🤖 AI Summary
This work addresses the lack of theoretical foundations for neural operator approximation in nonlinear reaction-diffusion systems, such as the Gierer–Meinhardt model, by proposing a Laplacian spectral representation-based neural operator that learns the mapping from initial conditions to time-evolved solutions. Leveraging the spectral structure of the Green’s function, the study establishes the first explicit approximation error bounds for such systems and demonstrates that the required parameter complexity scales only polynomially with respect to the target accuracy, thereby mitigating the curse of dimensionality inherent in general operator learning. The theoretical analysis further reveals quantitative relationships among network depth, width, and the spectral rank of the solution. Numerical experiments confirm the superior accuracy and efficiency of the proposed Laplacian-based neural operator.
📝 Abstract
Neural operators provide a framework for learning solution operators of partial differential equations (PDEs), enabling efficient surrogate modeling for complex systems. While universal approximation results are now well understood, approximation analysis specific to nonlinear reaction-diffusion systems remains limited.
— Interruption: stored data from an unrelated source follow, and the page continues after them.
lemma nn_integral_prod_given_labels:
  assumes I: "finite I" and ls: "ls \<in> labelings I"
    and e[measurable]: "\<And>n. n \<in> I \<Longrightarrow> e n \<in> borel_measurable M"
    and e_nonneg: "\<And>n y. n \<in> I \<Longrightarrow> y \<in> space M \<Longrightarrow> 0 \<le> e n y"
    and e_int: "\<And>n. n \<in> I \<Longrightarrow> integrable M (\<lambda>y. q (ls n) y * e n y)"
  shows "(\<integral>\<^sup>+x. (\<Prod>n\<in>I. pair_density (x n, ls n)) * ennreal (\<Prod>n\<in>I. e n (x n)) \<partial>PiM I (\<lambda>_. M))
       = ennreal (label_prob I ls * (\<Prod>n\<in>I. \<integral>y. q (ls n) y * e n y \<partial>M))"
proof -
  have lsS: "n \<in> I \<Longrightarrow> ls n \<in> S" for n using ls by auto
  have "(\<integral>\<^sup>+x. (\<Prod>n\<in>I. pair_density (x n, ls n)) * ennreal (\<Prod>n\<in>I. e n (x n)) \<partial>PiM I (\<lambda>_. M))
      = (\<integral>\<^sup>+x. (\<Prod>n\<in>I. ennreal (\<alpha> (ls n) * q (ls n) (x n) * e n (x n))) \<partial>PiM I (\<lambda>_. M))"
  proof (rule nn_integral_cong)
    fix x assume "x \<in> space (PiM I (\<lambda>_. M))"
    then have xn: "n \<in> I \<Longrightarrow> x n \<in> space M" for n by (auto simp: space_PiM)
    then have "ennreal (\<Prod>n\<in>I. e n (x n)) = (\<Prod>n\<in>I. ennreal (e n (x n)))"
      using e_nonneg by (intro prod_ennreal[symmetric]) auto
    then show "(\<Prod>n\<in>I. pair_density (x n, ls n)) * ennreal (\<Prod>n\<in>I. e n (x n))
        = (\<Prod>n\<in>I. ennreal (\<alpha> (ls n) * q (ls n) (x n) * e n (x n)))"
      using xn e_nonneg lsS \<alpha>_nonneg q_nonneg
      by (simp add: pair_density_def prod.distrib[symmetric] ennreal_mult' ennreal_mult'')
  qed
  also have "\<dots> = (\<Prod>n\<in>I. \<integral>\<^sup>+y. ennreal (\<alpha> (ls n) * q (ls n) y * e n y) \<partial>M)"
    using lsS by (intro M_prod.product_nn_integral_prod[OF I]) measurable
  also have "\<dots> = (\<Prod>n\<in>I. ennreal (\<alpha> (ls n) * (\<integral>y. q (ls n) y * e n y \<partial>M)))"
  proof (rule prod.cong[OF refl])
    fix n assume n: "n \<in> I"
    have "(\<integral>\<^sup>+y. ennreal (\<alpha> (ls n) * q (ls n) y * e n y) \<partial>M) = ennreal (\<integral>y. \<alpha> (ls n) * q (ls n) y * e n y \<partial>M)"
      using e_int[OF n] n lsS \<alpha>_nonneg q_nonneg e_nonneg
      by (intro nn_integral_eq_integral AE_I2) (auto simp: mult.assoc)
    then show "(\<integral>\<^sup>+y. ennreal (\<alpha> (ls n) * q (ls n) y * e n y) \<partial>M) = ennreal (\<alpha> (ls n) * (\<integral>y. q (ls n) y * e n y \<partial>M))"
      by (simp add: mult.assoc)
  qed
  also have "\<dots> = ennreal (\<Prod>n\<in>I. \<alpha> (ls n) * (\<integral>y. q (ls n) y * e n y \<partial>M))"
    using lsS \<alpha>_nonneg q_nonneg e_nonneg
    by (intro prod_ennreal mult_nonneg_nonneg integral_nonneg_AE AE_I2) auto
  finally show ?thesis by (simp add: label_prob_def prod.distrib)
qed
(* Let $N=2K+1$ with $K\in\mathbb N$, and let real numbers $x_{N,1}<\dots<x_{N,N}$ satisfy $x_{N,k}\in[-2,-1]$ and $x_{N,2K+2-k}=-x_{N,k}$ for all $k\le K$, and $x_{N,K+1}=0$. Let $\lambda_{N,K+1}=\frac12$ and $\lambda_{N,k}=\frac1{4K}$ for $k\neq K+1$. Let $V_{N,1},\dots,V_{N,N}$ solve the deterministic system $$\frac{d}{dt}V_{N,k}(t)=\sum_{j\neq k}\frac{2(\lambda_{N,k}+\lambda_{N,j})}{V_{N,k}(t)-V_{N,j}(t)},\qquad V_{N,k}(0)=x_{N,k},$$ and let $\alpha_{N,t}=\sum_{k=1}^N\lambda_{N,k}\delta_{V_{N,k}(t)}$. Then there exists $T_0>0$ such that the sequence $\{\alpha_{N,\cdot}\}_{N}$ (over $N=2K+1$, $K\in\mathbb N$) is tight in $\mathcal M(T_0)$.
   Context: $\mathcal M(T)=C([0,T],\mathcal P(\mathbb R))$ with the topology of uniform convergence, where $\mathcal P(\mathbb R)$ is the space of probability measures on $\mathbb R$ with the topology of weak convergence. A sequence in $\mathcal M(T)$ is tight if it has a subsequence converging in distribution (for deterministic elements: a convergent subsequence). *)

theory Defs
  imports "HOL-Probability.Probability"
begin

definition lam :: "nat \<Rightarrow> nat \<Rightarrow> real" where
  "lam K k = (if k = K + 1 then 1/2 else 1 / (4 * real K))"

definition emp_measure :: "nat \<Rightarrow> (nat \<Rightarrow> real) \<Rightarrow> real measure" where
  "emp_measure K v = measure_of UNIV (sets borel)
     (\<lambda>A. ennreal (\<Sum>k = 1..2*K+1. lam K k * indicator A (v k)))"

text \<open>Levy metric on probability measures on the real line; it metrizes weak convergence.\<close>
definition levy_dist :: "real measure \<Rightarrow> real measure \<Rightarrow> real" where
  "levy_dist M M' = Inf {e. e > 0 \<and> (\<forall>x. cdf M (x - e) - e \<le> cdf M' x \<and> cdf M' x \<le> cdf M (x + e) + e)}"

text \<open>The space M(T) = C([0,T], P(R)), P(R) with the weak topology (via the Levy metric).\<close>
definition M_space :: "real \<Rightarrow> (real \<Rightarrow> real measure) set" where
  "M_space T = {\<alpha>. (\<forall>t\<in>{0..T}. real_distribution (\<alpha> t)) \<and>
     (\<forall>t\<in>{0..T}. \<forall>e>0. \<exists>d>0. \<forall>s\<in>{0..T}. \<bar>s - t\<bar> < d \<longrightarrow> levy_dist (\<alpha> s) (\<alpha> t) < e)}"

definition M_conv :: "real \<Rightarrow> (nat \<Rightarrow> real \<Rightarrow> real measure) \<Rightarrow> (real \<Rightarrow> real measure) \<Rightarrow> bool" where
  "M_conv T \<alpha>s \<alpha> \<longleftrightarrow> \<alpha> \<in> M_space T \<and>
     (\<forall>e>0. \<exists>n0. \<forall>n\<ge>n0. \<forall>t\<in>{0..T}. levy_dist (\<alpha>s n t) (\<alpha> t) < e)"

text \<open>Tightness of a deterministic sequence in M(T): it has a convergent subsequence.\<close>
definition M_tight :: "real \<Rightarrow> (nat \<Rightarrow> real \<Rightarrow> real measure) \<Rightarrow> bool" where
  "M_tight T \<alpha>s \<longleftrightarrow> (\<forall>n. \<alpha>s n \<in> M_space T) \<and>
     (\<exists>r \<alpha>. strict_mono r \<and> M_conv T (\<alpha>s \<circ> r) \<alpha>)"
lemma vol_ratio_ode_gt_one:
  assumes m: "2 \<le> m" and \<sigma>: "1 < \<sigma>"
  shows "real m * \<sigma> * vol_ratio m \<sigma> + (\<sigma>\<^sup>2 - 1) * deriv (vol_ratio m) \<sigma> = 1"
proof -
  define R where "R y = (y\<^sup>2 - 1) powr (real m / 2) * vol_ratio m y" for y
  define P where "P = (\<sigma>\<^sup>2 - 1) powr (real m / 2 - 1)"
  have s0: "0 < \<sigma>\<^sup>2 - 1" using \<sigma> by (simp add: power_less_one_iff)
  have z': "(vol_ratio m has_real_derivative deriv (vol_ratio m) \<sigma>) (at \<sigma>)"
    using smooth_real_on_has_deriv[OF smooth_real_on_vol_ratio] \<sigma> by simp
  have "(R has_real_derivative (real m / 2) * (\<sigma>\<^sup>2 - 1) powr (real m / 2 - 1) * (2 * \<sigma>) * vol_ratio m \<sigma>
      + (\<sigma>\<^sup>2 - 1) powr (real m / 2) * deriv (vol_ratio m) \<sigma>) (at \<sigma>)"
    unfolding R_def[abs_def] using s0 z'
    by (auto intro!: derivative_eq_intros simp: power2_eq_square algebra_simps)
  moreover have "(R has_real_derivative cosh_density m \<sigma>) (at \<sigma>)"
  proof -
    have ev: "\<forall>\<^sub>F y in nhds \<sigma>. cosh_primitive m y - cosh_primitive m 1 = R y"
      using eventually_nhds_in_open[of "{1<..}" \<sigma>] \<sigma> cosh_primitive_eq_vol_ratio[OF m]
      by (auto simp: R_def elim!: eventually_mono)
    have "((\<lambda>y. cosh_primitive m y - cosh_primitive m 1) has_real_derivative cosh_density m \<sigma>) (at \<sigma>)"
      using has_real_derivative_cosh_primitive[of \<sigma> m] \<sigma> by (auto intro!: derivative_eq_intros)
    then show ?thesis
      using DERIV_cong_ev[OF refl ev refl] by simp
  qed
  moreover have "cosh_density m \<sigma> = P"
    using sqrt_power_eq_powr[OF s0, of "m - 2"] m
    by (simp add: cosh_density_def P_def of_nat_diff diff_divide_distrib)
  moreover have "(\<sigma>\<^sup>2 - 1) powr (real m / 2) = P * (\<sigma>\<^sup>2 - 1)"
  proof -
    have "(\<sigma>\<^sup>2 - 1) powr (real m / 2) = (\<sigma>\<^sup>2 - 1) powr ((real m / 2 - 1) + 1)" by simp
    also have "\<dots> = P * (\<sigma>\<^sup>2 - 1)" unfolding P_def powr_add using s0 by simp
    finally show ?thesis .
  qed
  ultimately have "P * 1 = P * (real m * \<sigma> * vol_ratio m \<sigma> + (\<sigma>\<^sup>2 - 1) * deriv (vol_ratio m) \<sigma>)"
    using DERIV_unique by (fastforce simp: P_def algebra_simps)
  moreover have "0 < P" using s0 by (simp add: P_def)
  ultimately show ?thesis by simp
qed

lemma vol_ratio_ode:
  assumes m: "2 \<le> m" and \<sigma>: "1 \<le> \<sigma>"
  shows "real m * \<sigma> * vol_ratio m \<sigma> + (\<sigma>\<^sup>2 - 1) * deriv (vol_ratio m) \<sigma> = 1"
proof (cases "\<sigma> = 1")
  case False
  then show ?thesis using vol_ratio_ode_gt_one[OF m] \<sigma> by simp
next
  case True
  define g where "g y = real m * y * vol_ratio m y + (y\<^sup>2 - 1) * deriv (vol_ratio m) y" for y
  have "continuous_on {-1<..} g"
    unfolding g_def[abs_def]
    by (intro continuous_intros smooth_real_on_imp_continuous_on smooth_real_on_vol_ratio
        smooth_real_on_deriv open_greaterThan)
  then have "isCont g 1"
    using continuous_on_interior[of "{-1<..}" g 1] by (simp add: interior_open)
  then have "(g \<longlongrightarrow> g 1) (at_right 1)"
    by (simp add: isCont_def filterlim_at_split)
  moreover have "\<forall>\<^sub>F y in at_right 1. g y = 1"
    unfolding eventually_at_right_field using vol_ratio_ode_gt_one[OF m] g_def by (auto intro!: exI[of _ 2])
  then have "(g \<longlongrightarrow> 1) (at_right 1)"
    by (rule tendsto_eventually[THEN tendsto_cong[THEN iffD1, rotated]]) (auto elim: eventually_mono)
  ultimately have "g 1 = 1"
    using tendsto_unique[OF trivial_limit_at_right_real] by blast
  then show ?thesis using True g_def by simp
qed

section \<open>The profile of \<open>f\<^sub>c\<close>\<close>

definition radicand :: "nat \<Rightarrow> real \<Rightarrow> real \<Rightarrow> real" where
  "radicand m c \<sigma> = 1 - c\<^sup>2 * (\<sigma>\<^sup>2 - 1) * (vol_ratio m \<sigma>)\<^sup>2"

definition profile_slope :: "nat \<Rightarrow> real \<Rightarrow> real \<Rightarrow> real" where
  "profile_slope m c \<sigma> = c * vol_ratio m \<sigma> / sqrt (radicand m c \<sigma>)"
(* Let $f\in\mathcal{P}_n$ be continuous and compactly supported. For $\alpha>0$ let $s_\alpha=\sinh^{-1}(1/\alpha)$. Then $$|I(f)|=\lim_{\alpha\to0}(2s_\alpha)^{-n}|I^\alpha(f)|.$$
   Context: $\mathcal{P}_n$ is the set of measurable $f:\mathbb{R}^n\to[0,\infty)$ with $\int f=1$ and $\|f\|_\infty<\infty$. Star-shaped sets are given by radial functions on $S^{n-1}$, with volume $|K|=\omega_n\int_{S^{n-1}}\rho(K,u)^nd\sigma(u)$ ($\sigma$ normalized surface measure, $\omega_n=|B_2^n|$). $I(f)$ is the star-shaped set with $\rho(I(f),u)=\int_{u^\perp}f(x)\,dx$ (Lebesgue measure on the hyperplane $u^\perp$). For $\alpha>0$, $I^\alpha(f)$ is the star-shaped set with $\rho(I^\alpha(f),u)=\int_{\mathbb{R}^n}\big(\langle x,u\rangle^2+\alpha^2\|u\|_2^2\big)^{-1/2}f(x)\,dx$. *)

theory Defs
  imports "HOL-Analysis.Analysis"
begin

definition star_body :: "('a::euclidean_space \<Rightarrow> real) \<Rightarrow> 'a set" where
  "star_body \<rho> = {x. x = 0 \<or> norm x \<le> \<rho> (x /\<^sub>R norm x)}"

text \<open>Volume of the star-shaped set: its Lebesgue measure
  (equal to omega_n times the sigma-integral of rho to the n by polar coordinates).\<close>
definition star_volume :: "('a::euclidean_space \<Rightarrow> real) \<Rightarrow> real" where
  "star_volume \<rho> = measure lebesgue (star_body \<rho>)"

text \<open>Integral of f over the hyperplane orthogonal to the unit vector u, w.r.t.
  (n-1)-dimensional Lebesgue measure on it. By Fubini this equals the integral of
  f(x - <x,u>u) over the slab 0 <= <x,u> <= 1 of width one.\<close>
definition hyperplane_integral :: "('a::euclidean_space \<Rightarrow> real) \<Rightarrow> 'a \<Rightarrow> real" where
  "hyperplane_integral f u =
     (LINT x : {x. 0 \<le> x \<bullet> u \<and> x \<bullet> u \<le> 1} | lebesgue. f (x - (x \<bullet> u) *\<^sub>R u))"

definition rho_I :: "('a::euclidean_space \<Rightarrow> real) \<Rightarrow> 'a \<Rightarrow> real" where
  "rho_I f u = hyperplane_integral f u"

definition rho_I_alpha :: "real \<Rightarrow> ('a::euclidean_space \<Rightarrow> real) \<Rightarrow> 'a \<Rightarrow> real" where
  "rho_I_alpha \<alpha> f u =
     (LINT x | lebesgue. f x / sqrt ((x \<bullet> u)\<^sup>2 + \<alpha>\<^sup>2 * (norm u)\<^sup>2))"

definition P_class :: "('a::euclidean_space \<Rightarrow> real) set" where
  "P_class = {f. f \<in> borel_measurable lebesgue \<and> (\<forall>x. 0 \<le> f x)
                 \<and> integrable lebesgue f \<and> integral\<^sup>L lebesgue f = 1 \<and> bounded (range f)}"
In this paper, we study neural operators applied to the solution mapping from initial conditions to time-dependent solutions of a generalized Gierer-Meinhardt reaction-diffusion system, a prototypical model of nonlinear pattern formation. Our main results establish explicit approximation error bounds in terms of network depth, width, and spectral rank by exploiting the Laplacian spectral representation of the Green's function underlying the PDE. We show that the required parameter complexity grows at most polynomially with respect to the target accuracy, demonstrating that Laplacian eigenfunction-based neural operator architectures alleviate the curse of parametric complexity encountered in generic operator learning. Numerical experiments on the Gierer-Meinhardt system support the theoretical findings.